Start of Block
(* Let $G_1$ and $G_2$ be connected graphs on disjoint vertex sets, let $v_1\in V(G_1)$, $v_2\in V(G_2)$, and let $G$ be the graph with $V(G)=V(G_1)\cup V(G_2)$ and $E(G)=E(G_1)\cup E(G_2)\cup\{v_1v_2\}$. Then \[ \operatorname{cdim}(G)=\begin{cases}\operatorname{cdim}(G_1)+\operatorname{cdim}(G_2)+1 & \text{if both } G_1 \text{ and } G_2 \text{ force an all-ones representation},\\ \operatorname{cdim}(G_1)+\operatorname{cdim}(G_2) & \text{otherwise.}\end{cases} \]
   Context: All graphs are finite, simple, undirected and nonempty. For distinct vertices $v,w$ of a graph $G$, $\kappa_G(v,w)$ is the maximum number of internally vertex-disjoint $v$–$w$ paths in $G$ (an edge $vw$ counts as one such path); $\kappa_G(v,v)=\infty$. For an ordered vertex set $W=(w_1,\ldots,w_k)$, $r_G(v,W)=[\kappa_G(v,w_1),\ldots,\kappa_G(v,w_k)]$. $W$ is resolving for $G$ if $r_G(v_1,W)=r_G(v_2,W)$ implies $v_1=v_2$. A (connectivity) basis is a resolving set of minimum cardinality, and $\operatorname{cdim}(G)$ is its cardinality. A graph $G$ forces an all-ones representation if for every basis $B$ of $G$ there is a vertex $v\in V(G)$ with $r_G(v,B)=[1,\ldots,1]$ (all entries equal to $1$). In particular the one-vertex graph $K_1$, whose only basis is $\emptyset$ and whose vertex has the empty representation vector (vacuously all ones), forces an all-ones representation. *)

theory Defs
  imports Main "HOL-Library.Extended_Nat"
begin

definition graph :: "'a set \<Rightarrow> 'a set set \<Rightarrow> bool" where
  "graph V E \<longleftrightarrow> finite V \<and> V \<noteq> {} \<and>
     (\<forall>e\<in>E. \<exists>u v. e = {u, v} \<and> u \<in> V \<and> v \<in> V \<and> u \<noteq> v)"

definition is_path :: "'a set \<Rightarrow> 'a set set \<Rightarrow> 'a \<Rightarrow> 'a \<Rightarrow> 'a list \<Rightarrow> bool" where
  "is_path V E v w p \<longleftrightarrow> length p \<ge> 2 \<and> hd p = v \<and> last p = w \<and> distinct p \<and>
     set p \<subseteq> V \<and> (\<forall>i. Suc i < length p \<longrightarrow> {p ! i, p ! Suc i} \<in> E)"

definition connected_graph :: "'a set \<Rightarrow> 'a set set \<Rightarrow> bool" where
  "connected_graph V E \<longleftrightarrow> (\<forall>v\<in>V. \<forall>w\<in>V. v \<noteq> w \<longrightarrow> (\<exists>p. is_path V E v w p))"

definition interior :: "'a list \<Rightarrow> 'a set" where
  "interior p = set (butlast (tl p))"

definition disjoint_paths :: "'a set \<Rightarrow> 'a set set \<Rightarrow> 'a \<Rightarrow> 'a \<Rightarrow> 'a list set \<Rightarrow> bool" where
  "disjoint_paths V E v w P \<longleftrightarrow> (\<forall>p\<in>P. is_path V E v w p) \<and>
     (\<forall>p\<in>P. \<forall>q\<in>P. p \<noteq> q \<longrightarrow> interior p \<inter> interior q = {})"

definition kappa :: "'a set \<Rightarrow> 'a set set \<Rightarrow> 'a \<Rightarrow> 'a \<Rightarrow> enat" where
  "kappa V E v w = (if v = w then \<infinity>
     else enat (Max {card P | P. finite P \<and> disjoint_paths V E v w P}))"

definition rep :: "'a set \<Rightarrow> 'a set set \<Rightarrow> 'a \<Rightarrow> 'a list \<Rightarrow> enat list" where
  "rep V E v W = map (kappa V E v) W"

definition resolving :: "'a set \<Rightarrow> 'a set set \<Rightarrow> 'a list \<Rightarrow> bool" where
  "resolving V E W \<longleftrightarrow> distinct W \<and> set W \<subseteq> V \<and>
     (\<forall>v1\<in>V. \<forall>v2\<in>V. rep V E v1 W = rep V E v2 W \<longrightarrow> v1 = v2)"

definition cdim :: "'a set \<Rightarrow> 'a set set \<Rightarrow> nat" where
  "cdim V E = Min {length W | W. resolving V E W}"

definition is_basis :: "'a set \<Rightarrow> 'a set set \<Rightarrow> 'a list \<Rightarrow> bool" where
  "is_basis V E B \<longleftrightarrow> resolving V E B \<and> length B = cdim V E"

definition forces_all_ones :: "'a set \<Rightarrow> 'a set set \<Rightarrow> bool" where
  "forces_all_ones V E \<longleftrightarrow>
     (\<forall>B. is_basis V E B \<longrightarrow> (\<exists>v\<in>V. rep V E v B = replicate (length B) 1))"

end

theory Submission
  imports Defs
begin

text \<open>
  The edge v1v2 is a bridge. A path between two vertices of G1 cannot leave G1, since it would
  have to cross the bridge twice; hence connectivities inside G1 (and likewise G2) are those of
  G1 itself. Every path from G1 to G2 crosses the bridge, so two such paths share v1 or v2 as an
  interior vertex unless both are the edge v1v2 itself: connectivities across the bridge are 1.
  Consequently W resolves G iff its parts in G1 and G2 resolve G1 and G2 and there are no two
  vertices x in G1 and y in G2 whose representations with respect to these parts are all ones.
  A basis of G thus splits into resolving sets of the sides, which cannot both be bases if both
  sides force an all-ones representation; conversely two bases combine to a resolving set of G,
  after adding to the basis of G1 its (unique) all-ones vertex if necessary.
\<close>

definition edges_along :: "'a set set \<Rightarrow> 'a list \<Rightarrow> bool" where
  "edges_along E p \<longleftrightarrow> (\<forall>i. Suc i < length p \<longrightarrow> {p ! i, p ! Suc i} \<in> E)"

lemma edges_along_Nil [simp]: "edges_along E []"
  and edges_along_singleton [simp]: "edges_along E [a]"
  by (simp_all add: edges_along_def)

lemma edges_along_Cons_Cons [simp]:
  "edges_along E (a # b # p) \<longleftrightarrow> {a, b} \<in> E \<and> edges_along E (b # p)"
  unfolding edges_along_def by (auto simp: less_Suc_eq_0_disj)

lemma edges_along_append:
  "edges_along E (xs @ ys) \<longleftrightarrow>
     edges_along E xs \<and> edges_along E ys \<and> (xs \<noteq> [] \<longrightarrow> ys \<noteq> [] \<longrightarrow> {last xs, hd ys} \<in> E)"
proof (induction xs)
  case (Cons a xs)
  then show ?case by (cases xs; cases ys) auto
qed simp

lemma edges_along_rev: "edges_along E (rev p) \<longleftrightarrow> edges_along E p"
proof (induction p)
  case (Cons a p)
  then show ?case by (cases p) (auto simp: edges_along_append last_rev insert_commute)
qed simp

lemma edges_along_mono: "E \<subseteq> E' \<Longrightarrow> edges_along E p \<Longrightarrow> edges_along E' p"
  unfolding edges_along_def by blast

lemma is_path_iff_edges_along:
  "is_path V E v w p \<longleftrightarrow>
     length p \<ge> 2 \<and> hd p = v \<and> last p = w \<and> distinct p \<and> set p \<subseteq> V \<and> edges_along E p"
  unfolding is_path_def edges_along_def by simp

lemma mem_interior_append: "xs \<noteq> [] \<Longrightarrow> zs \<noteq> [] \<Longrightarrow> y \<in> interior (xs @ y # zs)"
  by (cases xs) (auto simp: interior_def butlast_append)

lemma graph_edge_vertices: "graph V E \<Longrightarrow> {a, b} \<in> E \<Longrightarrow> a \<in> V \<and> b \<in> V"
  unfolding graph_def by (metis doubleton_eq_iff)

lemma connected_graph_distinct_walk:
  assumes "connected_graph V E" "x \<in> V" "y \<in> V"
  obtains p where "p \<noteq> []" "hd p = x" "last p = y" "distinct p" "set p \<subseteq> V" "edges_along E p"
proof (cases "x = y")
  case True
  then show ?thesis using assms that[of "[x]"] by simp
next
  case False
  then obtain p where "is_path V E x y p" using assms unfolding connected_graph_def by blast
  then have "length p \<ge> 2" "hd p = x" "last p = y" "distinct p" "set p \<subseteq> V" "edges_along E p"
    unfolding is_path_iff_edges_along by auto
  then show ?thesis by (intro that[of p]) auto
qed
text \<open>For every unimodular lattice \<open>L\<close>, the energy of \<open>\<lambda>\<^sub>L L\<close> is
  \<open>a \<lambda>\<^sub>L\<^sup>-\<^sup>\<alpha> \<zeta>\<^sub>L(\<alpha>) - b \<lambda>\<^sub>L\<^sup>-\<^sup>\<beta> \<zeta>\<^sub>L(\<beta>)\<close>, and the defining equation of \<open>\<lambda>\<^sub>L\<close> turns
  this into \<open>-(1 - \<beta>/\<alpha>) b \<zeta>\<^sub>L(\<beta>) \<lambda>\<^sub>L\<^sup>-\<^sup>\<beta>\<close>. Global minimality of \<open>\<lambda>\<^sub>L\<^sub>d L\<^sub>d\<close> gives
  \<open>\<zeta>\<^sub>L(\<beta>) \<lambda>\<^sub>L\<^sup>-\<^sup>\<beta> \<le> \<zeta>\<^sub>L\<^sub>d(\<beta>) \<lambda>\<^sub>L\<^sub>d\<^sup>-\<^sup>\<beta>\<close>, and minimality of \<open>\<zeta>\<^sub>L\<^sub>d(\<beta>)\<close> then forces
  \<open>\<lambda>\<^sub>L \<ge> \<lambda>\<^sub>L\<^sub>d\<close>. In the equality case both energies agree, so \<open>\<lambda>\<^sub>L L\<close> is isometric
  to \<open>\<lambda>\<^sub>L\<^sub>d L\<^sub>d\<close>, and dividing by the common factor gives \<open>L \<cong> L\<^sub>d\<close>. The analytic
  input is the convergence of Epstein sums for \<open>s > d\<close>, obtained by comparison with
  \<open>\<Prod>\<^sub>i (1 + |c\<^sub>i|)\<^sup>-\<^sup>s\<^sup>/\<^sup>d\<close> over the integer coefficient vectors \<open>c\<close>.\<close>

lemma summable_on_int_powr:
  fixes t :: real
  assumes "t > 1"
  shows "(\<lambda>k::int. (1 + \<bar>real_of_int k\<bar>) powr (-t)) summable_on UNIV"
proof -
  have "summable (\<lambda>n. real n powr (-t))"
    using assms by (subst summable_real_powr_iff) simp
  then have "summable (\<lambda>n. real (Suc n) powr (-t))"
    by (subst summable_Suc_iff)
  then have nat: "(\<lambda>n::nat. (1 + real n) powr (-t)) summable_on UNIV"
    by (subst summable_on_UNIV_nonneg_real_iff) (auto simp: add.commute)
  let ?g = "\<lambda>k::int. (1 + \<bar>real_of_int k\<bar>) powr (-t)"
  have pos: "?g summable_on range int"
    by (subst summable_on_reindex) (auto simp: o_def nat)
  have neg: "?g summable_on range (\<lambda>n. - int n)"
    by (subst summable_on_reindex) (auto simp: o_def nat inj_on_def)
  have "UNIV = range int \<union> range (\<lambda>n. - int n)"
  proof (intro set_eqI iffI)
    fix k :: int
    show "k \<in> range int \<union> range (\<lambda>n. - int n)"
      by (cases "k \<ge> 0") (auto intro: image_eqI[of _ _ "nat k"] image_eqI[of _ _ "nat (- k)"])
  qed simp
  then show ?thesis
    using summable_on_union[OF pos neg] by simp
qed
(* Let $X$ be a Hausdorff space which admits a continuous map $f:X\to X$ without fixed points. Then there exist $m,l\in X$ such that the man has a strategy in $X$ for the starting points $m$ (man) and $l$ (lion).
   Context: For a topological space $X$ and $x\in X$, let $P_x(X)$ be the set of continuous maps $\gamma:[0,+\infty)\to X$ with $\gamma(0)=x$. For $\gamma\in P_x(X)$ and $t\ge 0$, write $\gamma_{<t}=\gamma|_{[0,t)}$ and $\gamma_{\le t}=\gamma|_{[0,t]}$. Given starting points $m$ (man) and $l$ (lion) in $X$, a strategy for the man is a function $S:P_l(X)\to P_m(X)$ such that (i) for each $\beta\in P_l(X)$ and each $t\ge 0$, $S(\beta)(t)\neq\beta(t)$; and (ii) (no-lookahead rule) whenever $\beta,\beta'\in P_l(X)$ and $t\ge0$ satisfy $\beta_{<t}=\beta'_{<t}$, then $S(\beta)_{\le t}=S(\beta')_{\le t}$. *)

theory Defs
  imports "HOL-Analysis.Analysis"
begin

text \<open>Paths in the ambient space (the type 'a) starting at x, parametrised by [0,+\<infinity>).
  Values at negative times are irrelevant (never inspected).\<close>
definition paths_from :: "'a::topological_space \<Rightarrow> (real \<Rightarrow> 'a) set" where
  "paths_from x = {\<gamma>. continuous_on {0..} \<gamma> \<and> \<gamma> 0 = x}"

definition man_strategy ::
  "'a::topological_space \<Rightarrow> 'a \<Rightarrow> ((real \<Rightarrow> 'a) \<Rightarrow> (real \<Rightarrow> 'a)) \<Rightarrow> bool" where
  "man_strategy m l S \<longleftrightarrow>
     (\<forall>\<beta>\<in>paths_from l. S \<beta> \<in> paths_from m) \<and>
     (\<forall>\<beta>\<in>paths_from l. \<forall>t\<ge>0. S \<beta> t \<noteq> \<beta> t) \<and>
     (\<forall>\<beta>\<in>paths_from l. \<forall>\<beta>'\<in>paths_from l. \<forall>t\<ge>0.
        (\<forall>s\<in>{0..<t}. \<beta> s = \<beta>' s) \<longrightarrow> (\<forall>s\<in>{0..t}. S \<beta> s = S \<beta>' s))"

definition man_has_strategy :: "'a::topological_space \<Rightarrow> 'a \<Rightarrow> bool" where
  "man_has_strategy m l \<longleftrightarrow> (\<exists>S. man_strategy m l S)"

end

theory Submission
  imports Defs
begin

text \<open>The man simply stays at f of the lion's position: f has no fixed points, and f \<circ> \<beta> is
  determined at time t by \<beta> on [0,t), because in a Hausdorff space a continuous path is
  determined at t by its values on [0,t) (uniqueness of limits).\<close>

lemma continuous_paths_agree_at_endpoint:
  fixes \<beta> \<beta>' :: "real \<Rightarrow> 'a::t2_space"
  assumes "continuous_on {0..} \<beta>" and "continuous_on {0..} \<beta>'"
    and "\<beta> 0 = \<beta>' 0" and "t \<ge> 0" and agree: "\<forall>s\<in>{0..<t}. \<beta> s = \<beta>' s"
  shows "\<beta> t = \<beta>' t"
proof (cases "t = 0")
  case True
  then show ?thesis using assms(3) by simp
next
  case False
  with \<open>t \<ge> 0\<close> have nontrivial: "at t within {0..<t} \<noteq> bot"
    by (simp add: trivial_limit_within)
  have "(\<beta> \<longlongrightarrow> \<beta> t) (at t within {0..<t})" "(\<beta>' \<longlongrightarrow> \<beta>' t) (at t within {0..<t})"
    using assms(1,2,4) unfolding continuous_on_def
    by (auto intro: tendsto_within_subset)
  moreover have "\<forall>\<^sub>F s in at t within {0..<t}. \<beta>' s = \<beta> s"
    using agree by (simp add: eventually_at_filter)
  ultimately have "(\<beta> \<longlongrightarrow> \<beta>' t) (at t within {0..<t})"
    using tendsto_cong by fastforce
  with \<open>(\<beta> \<longlongrightarrow> \<beta> t) (at t within {0..<t})\<close> show ?thesis
    using tendsto_unique[OF nontrivial] by blast
qed

lemma man_strategy_comp_fixpoint_free:
  fixes f :: "'a::t2_space \<Rightarrow> 'a"
  assumes contf: "continuous_on UNIV f" and no_fix: "\<forall>x. f x \<noteq> x"
  shows "man_strategy (f l) l (\<lambda>\<beta>. f \<circ> \<beta>)"
  unfolding man_strategy_def
proof (intro conjI ballI allI impI)
  fix \<beta> assume "\<beta> \<in> paths_from l"
  then have "continuous_on {0..} \<beta>" "\<beta> 0 = l"
    unfolding paths_from_def by auto
  moreover have "continuous_on {0..} (f \<circ> \<beta>)"
    using continuous_on_compose[OF calculation(1) continuous_on_subset[OF contf]] by simp
  ultimately show "f \<circ> \<beta> \<in> paths_from (f l)"
    unfolding paths_from_def by simp
next
  fix \<beta> and t :: real
  show "(f \<circ> \<beta>) t \<noteq> \<beta> t" using no_fix by simp
next
  fix \<beta> \<beta>' and t s :: real
  assume paths: "\<beta> \<in> paths_from l" "\<beta>' \<in> paths_from l" and "t \<ge> 0"
    and agree: "\<forall>s\<in>{0..<t}. \<beta> s = \<beta>' s" and "s \<in> {0..t}"
  have "\<beta> t = \<beta>' t"
    using continuous_paths_agree_at_endpoint[OF _ _ _ \<open>t \<ge> 0\<close> agree] paths
    unfolding paths_from_def by simp
  with agree \<open>s \<in> {0..t}\<close> show "(f \<circ> \<beta>) s = (f \<circ> \<beta>') s"
    by (cases "s = t") auto
qed

theorem mainTheorem2:
  fixes f :: "'a::t2_space \<Rightarrow> 'a"
  assumes "continuous_on UNIV f"
    and "\<forall>x. f x \<noteq> x"
  shows "\<exists>m l :: 'a. man_has_strategy m l"
  using man_strategy_comp_fixpoint_free[OF assms] unfolding man_has_strategy_def by blast

end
End of Block
• **Problem statement**
If a line of the records holds the word "induction", count it; report only the total.

• **Solved problem**
2